Up to the year 1300 there were no less than 23 universities established in Italy, 5 in France, 2 in England, 4 in Spain, and 1 in Portugal. “Had all intentions been realized, Europe would have had by the year 1400 no fewer than 55 universities, including Paris and Bologna. But of 9 of them there are extant only the charter deeds that were never executed. At any rate, there were 46 of them, of which 37 or 39 existed at the turn of [pg 148] the fourteenth century; a considerable number, which was not known till recent years” (Denifle). Germany, Austria, and Hungary shared in 8: Prague, Cracow, Vienna, Fuenfkirchen, Ofen, Heidelberg, Cologne, and Erfurt. Within fifty years, from 1460 to 1510, no less than 9 universities were founded in Germany—a clear proof of the generous enthusiasm for science of that period.

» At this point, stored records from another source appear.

(* For integers $m\ge 2$ and $n\ge 2$, let $m_0=\min\{k\in\mathbb{N} : m\le \tfrac12(k^3-k^2)\}$ and $n_0=\min\{k\in\mathbb{N}: n\le\tfrac12(k^3-k^2)\}$. Then $\chi_L(P_m+P_n)=m_0+n_0$.
   Context: All graphs are finite and simple. $P_n$ is the path on $n$ vertices. A proper $k$-coloring of $G$ is a map from $V(G)$ onto $[k]=\{1,\dots,k\}$ with adjacent vertices receiving different colors. For a connected graph $G$ with proper $k$-coloring $f$ and color classes $V_i=f^{-1}(i)$, the color code of $v$ is $(d(v,V_1),\dots,d(v,V_k))$ where $d(v,S)=\min_{x\in S}d(v,x)$; $f$ is a locating coloring if distinct vertices have distinct color codes, and $\chi_L(G)$ is the minimum number of colors in a locating coloring of $G$. The join $G_1+G_2$ is the disjoint union of $G_1$ and $G_2$ together with all edges joining a vertex of $G_1$ to a vertex of $G_2$. *)

theory Defs
  imports Main "HOL-Library.Extended_Nat"
begin

text \<open>A finite simple graph is given by a vertex set V and a symmetric,
irreflexive adjacency relation E (only its restriction to V matters).\<close>

definition simple_graph :: "'a set \<Rightarrow> ('a \<Rightarrow> 'a \<Rightarrow> bool) \<Rightarrow> bool" where
  "simple_graph V E \<longleftrightarrow> finite V \<and> (\<forall>x y. E x y \<longrightarrow> E y x) \<and> (\<forall>x. \<not> E x x)"

fun walk :: "'a set \<Rightarrow> ('a \<Rightarrow> 'a \<Rightarrow> bool) \<Rightarrow> 'a list \<Rightarrow> bool" where
  "walk V E [] = False"
| "walk V E [x] = (x \<in> V)"
| "walk V E (x # y # xs) = (x \<in> V \<and> E x y \<and> walk V E (y # xs))"

definition connected_graph :: "'a set \<Rightarrow> ('a \<Rightarrow> 'a \<Rightarrow> bool) \<Rightarrow> bool" where
  "connected_graph V E \<longleftrightarrow> V \<noteq> {} \<and>
     (\<forall>u\<in>V. \<forall>v\<in>V. \<exists>xs. walk V E xs \<and> hd xs = u \<and> last xs = v)"

definition gdist :: "'a set \<Rightarrow> ('a \<Rightarrow> 'a \<Rightarrow> bool) \<Rightarrow> 'a \<Rightarrow> 'a \<Rightarrow> nat" where
  "gdist V E u v = (LEAST n. \<exists>xs. walk V E xs \<and> hd xs = u \<and> last xs = v \<and> length xs = n + 1)"

definition setdist :: "'a set \<Rightarrow> ('a \<Rightarrow> 'a \<Rightarrow> bool) \<Rightarrow> 'a \<Rightarrow> 'a set \<Rightarrow> nat" where
  "setdist V E v S = Min (gdist V E v ` S)"

definition proper_coloring :: "'a set \<Rightarrow> ('a \<Rightarrow> 'a \<Rightarrow> bool) \<Rightarrow> nat \<Rightarrow> ('a \<Rightarrow> nat) \<Rightarrow> bool" where
  "proper_coloring V E k f \<longleftrightarrow> f ` V = {1..k} \<and>
     (\<forall>u\<in>V. \<forall>v\<in>V. E u v \<longrightarrow> f u \<noteq> f v)"

definition color_class :: "'a set \<Rightarrow> ('a \<Rightarrow> nat) \<Rightarrow> nat \<Rightarrow> 'a set" where
  "color_class V f i = {x \<in> V. f x = i}"

definition color_code :: "'a set \<Rightarrow> ('a \<Rightarrow> 'a \<Rightarrow> bool) \<Rightarrow> nat \<Rightarrow> ('a \<Rightarrow> nat) \<Rightarrow> 'a \<Rightarrow> nat list" where
  "color_code V E k f v = map (\<lambda>i. setdist V E v (color_class V f i)) [1..<k+1]"

definition locating_coloring :: "'a set \<Rightarrow> ('a \<Rightarrow> 'a \<Rightarrow> bool) \<Rightarrow> nat \<Rightarrow> ('a \<Rightarrow> nat) \<Rightarrow> bool" where
  "locating_coloring V E k f \<longleftrightarrow> proper_coloring V E k f \<and> inj_on (color_code V E k f) V"

definition locating_chromatic_number :: "'a set \<Rightarrow> ('a \<Rightarrow> 'a \<Rightarrow> bool) \<Rightarrow> nat" where
  "locating_chromatic_number V E = (LEAST k. \<exists>f. locating_coloring V E k f)"

definition path_V :: "nat \<Rightarrow> nat set" where
  "path_V n = {0..<n}"

definition path_E :: "nat \<Rightarrow> nat \<Rightarrow> bool" where
  "path_E i j \<longleftrightarrow> i + 1 = j \<or> j + 1 = i"

definition join_V :: "'a set \<Rightarrow> 'b set \<Rightarrow> ('a + 'b) set" where
  "join_V V1 V2 = Inl ` V1 \<union> Inr ` V2"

By their fostering and founding of universities, secular princes have won the lasting gratitude of posterity, and so have the municipalities of a later period for showing an even greater zeal than those princes. But it was indisputably the Church that bestowed upon these homes of learning and culture the greatest benevolence and support for their foundation and maintenance.

In the first place, history shows that the majority of them were founded by Papal charters. Since universities were understood to have the power of conferring degrees of international value, they had to be universally acknowledged; this could be effected only by an authority of universal recognition; hence by the Roman-German Emperor—as the supreme prince of the world-wide Christian monarchy, or by the Pope, who was considered in the first place. He was the general Father and Teacher of Christendom; this is why Papal charters were so zealously sought after, in addition to imperial charters. Of the 44 universities called into existence before the year 1400, 31 were founded by Papal charters. A similar condition prevailed in the fifteenth century and afterwards, up to the Reformation. This was no interference in foreign affairs: such an interpretation would have caused just surprise in the Middle Ages. That the highest spiritual power on earth should have the first claim in education was a matter of general concession. And certainly the manner in which the Church made use of this right, to speak with an historian of the universities, forms “one of the most important, and by no means least inglorious, parts of an activity so manifold and difficult” (V. A. Huber, Die Englischen Universitaeten, I, 1839, p. 14).

These Papal charters breathe a warm benevolence for science. Everywhere we find the wish expressed, that studies thrive in those places which are most suitable for the effectual [pg 149] spread of science, and that the different countries have a sufficient number of scientifically trained men.